What to do:
You are asked to filter the data below and copy every line holding "convex".

The records section start

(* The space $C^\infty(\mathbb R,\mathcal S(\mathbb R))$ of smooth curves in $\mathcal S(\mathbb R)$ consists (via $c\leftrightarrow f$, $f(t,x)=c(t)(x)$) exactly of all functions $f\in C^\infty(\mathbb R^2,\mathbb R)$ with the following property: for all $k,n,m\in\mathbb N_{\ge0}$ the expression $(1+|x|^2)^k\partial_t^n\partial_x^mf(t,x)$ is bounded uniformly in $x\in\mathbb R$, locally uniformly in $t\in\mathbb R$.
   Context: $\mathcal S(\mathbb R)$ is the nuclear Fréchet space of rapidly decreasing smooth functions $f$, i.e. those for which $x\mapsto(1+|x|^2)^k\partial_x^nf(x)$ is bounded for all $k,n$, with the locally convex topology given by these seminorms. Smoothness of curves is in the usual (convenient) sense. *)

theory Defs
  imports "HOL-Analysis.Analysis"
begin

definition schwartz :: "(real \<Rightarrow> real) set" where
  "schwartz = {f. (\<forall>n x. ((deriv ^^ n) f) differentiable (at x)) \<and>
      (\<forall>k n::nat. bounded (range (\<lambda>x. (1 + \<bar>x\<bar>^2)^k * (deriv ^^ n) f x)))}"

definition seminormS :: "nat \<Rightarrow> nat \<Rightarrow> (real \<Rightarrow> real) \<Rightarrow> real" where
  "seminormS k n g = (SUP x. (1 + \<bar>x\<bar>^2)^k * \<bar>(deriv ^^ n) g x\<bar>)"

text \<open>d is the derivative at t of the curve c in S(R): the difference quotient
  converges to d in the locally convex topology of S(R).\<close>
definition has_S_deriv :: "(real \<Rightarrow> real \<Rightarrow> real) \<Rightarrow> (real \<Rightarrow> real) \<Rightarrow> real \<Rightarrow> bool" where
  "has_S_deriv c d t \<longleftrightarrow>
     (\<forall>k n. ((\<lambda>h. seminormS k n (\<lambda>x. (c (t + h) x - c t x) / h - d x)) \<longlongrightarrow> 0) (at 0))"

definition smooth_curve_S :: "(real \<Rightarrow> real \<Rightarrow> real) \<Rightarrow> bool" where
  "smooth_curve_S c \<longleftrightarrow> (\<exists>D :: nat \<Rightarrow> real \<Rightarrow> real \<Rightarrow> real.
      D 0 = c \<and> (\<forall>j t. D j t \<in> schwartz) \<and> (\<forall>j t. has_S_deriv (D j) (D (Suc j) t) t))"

The records section end
The records section start

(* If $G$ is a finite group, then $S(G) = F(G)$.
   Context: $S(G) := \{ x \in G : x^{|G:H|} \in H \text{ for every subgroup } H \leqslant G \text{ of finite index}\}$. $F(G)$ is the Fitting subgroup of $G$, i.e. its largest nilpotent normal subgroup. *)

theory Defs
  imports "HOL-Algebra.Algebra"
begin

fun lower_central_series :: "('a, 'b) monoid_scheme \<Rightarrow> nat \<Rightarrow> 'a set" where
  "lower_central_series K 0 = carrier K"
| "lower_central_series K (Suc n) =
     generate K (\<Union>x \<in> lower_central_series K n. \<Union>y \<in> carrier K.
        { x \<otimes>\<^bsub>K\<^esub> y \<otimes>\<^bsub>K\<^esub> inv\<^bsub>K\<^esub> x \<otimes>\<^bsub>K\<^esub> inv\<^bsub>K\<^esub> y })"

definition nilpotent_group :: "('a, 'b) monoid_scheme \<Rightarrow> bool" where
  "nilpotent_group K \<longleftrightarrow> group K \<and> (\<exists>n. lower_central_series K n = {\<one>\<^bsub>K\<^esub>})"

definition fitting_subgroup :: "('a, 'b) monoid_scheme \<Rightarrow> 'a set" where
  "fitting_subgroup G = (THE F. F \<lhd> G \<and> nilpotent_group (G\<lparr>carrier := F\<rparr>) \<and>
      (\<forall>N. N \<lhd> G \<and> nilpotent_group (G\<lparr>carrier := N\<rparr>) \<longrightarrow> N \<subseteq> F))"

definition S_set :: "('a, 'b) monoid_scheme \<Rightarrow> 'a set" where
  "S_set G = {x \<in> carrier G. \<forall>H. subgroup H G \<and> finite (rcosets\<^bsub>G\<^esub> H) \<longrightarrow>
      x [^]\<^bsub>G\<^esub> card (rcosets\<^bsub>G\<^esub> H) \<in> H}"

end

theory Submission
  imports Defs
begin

The records section end

Response area:
   Context: $\mathcal S(\mathbb R)$ is the nuclear Fréchet space of rapidly decreasing smooth functions $f$, i.e. those for which $x\mapsto(1+|x|^2)^k\partial_x^nf(x)$ is bounded for all $k,n$, with the locally convex topology given by these seminorms. Smoothness of curves is in the usual (convenient) sense. *)
  converges to d in the locally convex topology of S(R).\<close>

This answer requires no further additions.